Between Generations and Across Borders
Living Arrangements of the Elderly and Their Children in Victorian Canada and the United States
Description:... This dissertation examines the living arrangements of the elderly and their children in Victorian Canada and the United States. A comparative work, this study contrasts the processes of inter-generational co-residence north and south of the border. It is based on a fully integrated set of census data from 1871 Canada and the United States in 1880, and offers the first truly consistent international comparison of nineteenth-century household structure. The dissertation demonstrates that the Canadian elderly lived with children to a significantly greater extent than did their aged American counterparts. Conversely, the American elderly resided with unrelated persons in greater numbers than did the Canadian aged. These disparities were directly related to differences in the timing of Canadian and American sons' and daughters' departure from home. American youths left home and married about two years earlier than their Canadian counterparts did.

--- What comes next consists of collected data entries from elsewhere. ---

(* Let \<phi>(t) = exp t - 1 - t \<ge> 0 (exp_remainder below). For positive p, q of equal mass,
   KL(p || q) = \<Sum>y p_y \<phi>(t_y) with t_y = ln (q_y / p_y), since the terms q_y - p_y cancel.
   With L = -ln \<tau> \<ge> 1 one has t\<^sup>2 \<le> 4 L\<^sup>2 \<phi>(t) + 9 \<phi>(t)\<^sup>2 for all t, and t\<^sup>2 \<le> 4 L\<^sup>2 \<phi>(t)
   when |t| \<le> L, which is the case when both p_y and q_y lie in [\<tau>, 1]. As p_y \<ge> \<tau>, \<Sum>y \<phi>(t_y) \<le> K/\<tau>,
   and this bounds \<Sum>y t_y\<^sup>2. Finally u(x) - u'(x) is the vector (-t_y)_y shifted by the difference
   of the log-partition functions; both logit vectors are centred, so dropping the shift can
   only decrease the norm. The argument even gives 4 in place of the constant 12. *)

definition exp_remainder :: "real \<Rightarrow> real" where
  "exp_remainder t = exp t - 1 - t"

lemma exp_remainder_nonneg: "0 \<le> exp_remainder t"
  unfolding exp_remainder_def using exp_ge_add_one_self[of t] by linarith

lemma sq_le_exp_remainder_of_ge:
  assumes "t \<ge> -3/2"
  shows "t\<^sup>2 \<le> 4 * exp_remainder t"
proof -
  have "(1 + t/3)^3 \<le> exp (t/3) ^ 3"
    using assms by (intro power_mono exp_ge_add_one_self) auto
  also have "exp (t/3) ^ 3 = exp t"
    by (simp add: exp_of_nat_mult[symmetric])
  finally have cube: "(1 + t/3)^3 \<le> exp t" .
  have "4 * ((1 + t/3)^3 - 1 - t) - t\<^sup>2 = t\<^sup>2 * (1/3 + 4*t/27)"
    by (simp add: power2_eq_square power3_eq_cube field_simps)
  also have "\<dots> \<ge> 0"
    using assms by (intro mult_nonneg_nonneg) auto
  finally show ?thesis
    using cube unfolding exp_remainder_def by argo
qed
(* Let $X$ be a prelength space and $Y$ a metric space. For any $f\in\mathfrak{C}(X\to Y)$, the function $\mathrm{ap}(f):\mathfrak{C}(X)\to\mathfrak{C}(Y)$ is uniformly continuous with modulus $\lambda\varepsilon.\,\mu_{f(\varepsilon/3)}(\tfrac{\varepsilon}{3})$, where $\mu_{f(\varepsilon/3)}$ is the modulus of the uniformly continuous function $f(\tfrac{\varepsilon}{3}):X\to Y$.
   Context: $\mathbb{Q}^+$ denotes the strictly positive rationals; all $\varepsilon,\delta$ (with indices) range over $\mathbb{Q}^+$. A metric space is a triple $(X,\asymp,B)$ where $\asymp$ is an equivalence relation on $X$ and $B$ assigns to each $\varepsilon\in\mathbb{Q}^+$ a binary relation $B_\varepsilon$ on $X$ respecting $\asymp$, such that: (1) each $B_\varepsilon$ is reflexive; (2) each $B_\varepsilon$ is symmetric; (3) if $B_{\varepsilon_1}(a,b)$ and $B_{\varepsilon_2}(b,c)$ then $B_{\varepsilon_1+\varepsilon_2}(a,c)$; (4) if $B_{\varepsilon+\delta}(a,b)$ for all $\delta$, then $B_\varepsilon(a,b)$; (5) if $B_\varepsilon(a,b)$ for all $\varepsilon$, then $a\asymp b$. A prelength space is a metric space such that for all $a,b,\varepsilon,\delta_1,\delta_2$ with $\varepsilon<\delta_1+\delta_2$ and $B_\varepsilon(a,b)$ there exists $c$ with $B_{\delta_1}(a,c)$ and $B_{\delta_2}(c,b)$. A regular function over a metric space $W$ is a function $x:\mathbb{Q}^+\to W$ such that $B_{\varepsilon_1+\varepsilon_2}(x(\varepsilon_1),x(\varepsilon_2))$ for all $\varepsilon_1,\varepsilon_2$; $\mathfrak{C}(W)$ is the metric space of regular functions with $x\asymp y$ iff $B_{2\varepsilon}(x(\varepsilon),y(\varepsilon))$ for all $\varepsilon$ and $B'_\varepsilon(x,y)$ iff $B_{\varepsilon+\delta_1+\delta_2}(x(\delta_1),y(\delta_2))$ for all $\delta_1,\delta_2$. A uniformly continuous function $g:X\to Y$ is a pair of a function and a modulus $\mu_g$ with $B^X_{\mu_g(\varepsilon)}(x_1,x_2)\Rightarrow B^Y_\varepsilon(g(x_1),g(x_2))$. $X\to Y$ is the metric space of uniformly continuous functions with $B_\varepsilon(g,h)$ iff $B^Y_\varepsilon(g(a),h(a))$ for all $a$, and $g\asymp h$ iff $g(a)\asymp h(a)$ for all $a$. $\mathrm{map}(g)(x)=\lambda\varepsilon.\,g(x(\mu_g(\varepsilon)))$, and for $f\in\mathfrak{C}(X\to Y)$, $\mathrm{ap}(f)(x)=\lambda\varepsilon.\,\mathrm{map}(f(\tfrac{\varepsilon}{2}))(x)(\tfrac{\varepsilon}{2})$. *)

theory Defs
  imports Complex_Main
begin
theorem theorem8:
  fixes R :: "'r set" and F :: "'f set" and cl cf :: "'r \<Rightarrow> nat \<Rightarrow> rat"
  assumes "ssscg R F cl cf"
    and "\<forall>i\<in>R. \<forall>x. cl i x \<le> cl i (x + 1)"
    and "\<forall>i\<in>R. \<forall>x. cf i x < cf i (x + 1)"
  shows "((\<exists>\<sigma> \<nu>. PSE R F cl cf \<sigma> \<nu> \<and> \<not> pure_strategy R \<sigma>) \<longrightarrow>
            (\<exists>\<sigma> \<nu>. PSE R F cl cf \<sigma> \<nu> \<and> pure_strategy R \<sigma>))
         \<and> (\<exists>\<sigma> \<nu>. PSE R F cl cf \<sigma> \<nu> \<and> pure_strategy R \<sigma>)"
  using pure_PSE_exists[OF assms] by blast

end
(* Let $n\geq 1$ and let $F:\mathbb C^n\to\mathbb C^n$ be a biholomorphic map. Then $F$ is affine (i.e. $F(z)=F(0)+DF(0)z$ for all $z$) if and only if the function $$z\mapsto \log\left(\frac{\|DF(0)^{-1}(F(z)-F(0))\|}{\|z\|}\right)$$ is pluriharmonic on $\mathbb C^n\setminus\{0\}$.
   Context: $\|\cdot\|$ is the standard Hermitian norm on $\mathbb C^n$. A real-valued $C^2$ function $g$ on an open subset of $\mathbb C^n$ is pluriharmonic if its Levi matrix $\big(\partial^2 g/\partial z_i\partial\bar z_j\big)$ vanishes identically. *)

theory Defs
  imports "HOL-Analysis.Analysis"
begin

definition complex_linear :: "(complex^'n \<Rightarrow> complex^'m) \<Rightarrow> bool" where
  "complex_linear L \<longleftrightarrow> linear L \<and> (\<forall>(c::complex) x. L (c *s x) = c *s L x)"

definition holomorphic_vec_on :: "(complex^'n \<Rightarrow> complex^'m) \<Rightarrow> (complex^'n) set \<Rightarrow> bool" where
  "holomorphic_vec_on F S \<longleftrightarrow>
     (\<forall>z\<in>S. \<exists>L. (F has_derivative L) (at z) \<and> complex_linear L)"

definition biholomorphic :: "(complex^'n \<Rightarrow> complex^'n) \<Rightarrow> bool" where
  "biholomorphic F \<longleftrightarrow> bij F \<and> holomorphic_vec_on F UNIV \<and> holomorphic_vec_on (inv F) UNIV"

definition wirt_dz :: "'n \<Rightarrow> (complex^'n \<Rightarrow> complex) \<Rightarrow> complex^'n \<Rightarrow> complex" where
  "wirt_dz i f z = (frechet_derivative f (at z) (axis i 1)
                    - \<i> * frechet_derivative f (at z) (axis i \<i>)) / 2"

definition wirt_dzbar :: "'n \<Rightarrow> (complex^'n \<Rightarrow> complex) \<Rightarrow> complex^'n \<Rightarrow> complex" where
  "wirt_dzbar i f z = (frechet_derivative f (at z) (axis i 1)
                    + \<i> * frechet_derivative f (at z) (axis i \<i>)) / 2"

definition levi_entry :: "(complex^'n \<Rightarrow> real) \<Rightarrow> complex^'n \<Rightarrow> 'n \<Rightarrow> 'n \<Rightarrow> complex" where
  "levi_entry g z i j = wirt_dz i (wirt_dzbar j (\<lambda>w. complex_of_real (g w))) z"

definition C2_on :: "(complex^'n) set \<Rightarrow> (complex^'n \<Rightarrow> real) \<Rightarrow> bool" where
  "C2_on U g \<longleftrightarrow>
     (\<forall>z\<in>U. g differentiable (at z)) \<and>
     (\<forall>v. \<forall>z\<in>U. (\<lambda>w. frechet_derivative g (at w) v) differentiable (at z)) \<and>
     (\<forall>v u. continuous_on U
        (\<lambda>z. frechet_derivative (\<lambda>w. frechet_derivative g (at w) v) (at z) u))"

definition pluriharmonic_on :: "(complex^'n) set \<Rightarrow> (complex^'n \<Rightarrow> real) \<Rightarrow> bool" where
  "pluriharmonic_on U g \<longleftrightarrow> open U \<and> C2_on U g \<and>
     (\<forall>z\<in>U. \<forall>i j. levi_entry g z i j = 0)"

end

theory Submission
  imports Defs "HOL-Complex_Analysis.Conformal_Mappings"
begin

(* Normalize F to G = DF(0)^-1 (F - F(0)), so that G(0) = 0 and DG(0) = id, and restrict
  g(z) = ln (||G z|| / ||z||) to a complex line t |-> t v.  Pluriharmonicity makes the restriction
  harmonic, and since ln |t| is harmonic this says that ln ||gamma(t)|| is harmonic for the curve
  gamma(t) = G(t v).  Its Laplacian is, up to a positive factor, the Cauchy-Schwarz defect
  ||gamma'||^2 ||gamma||^2 - |<gamma', gamma>|^2, so gamma' is everywhere parallel to gamma.
  A Wronskian argument then confines gamma to the line C v: gamma(t) = f(t) v with f entire,
  injective and proper, f(0) = 0 and f'(0) = 1.  Such an f is the identity, whence G(v) = v. *)

section \<open>Hermitian product on complex vectors\<close>

definition cinner :: "complex^'n \<Rightarrow> complex^'n \<Rightarrow> complex" where
  "cinner x y = (\<Sum>k\<in>UNIV. x$k * cnj (y$k))"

Differences in the life course transitions of youths were in turn a product of distinctive demographic and economic structures and similar gender norms north and south of the border. As with the quantitative findings described in this dissertation, qualitative research on inter-generational relationships inside and outside the household demonstrate that adult children needed the assistance of their elderly parents as much as their aging seniors needed them. More importantly, documentary evidence on ties with parents, children, siblings, friends, and neighbors demonstrate the important role played by proximity in sustaining close, supportive relationships. This evidence confirms the importance of studying co-residence patterns within the household. It also suggests that collective emotional differences between Canadian and American families resulted from structural differences in their living arrangements.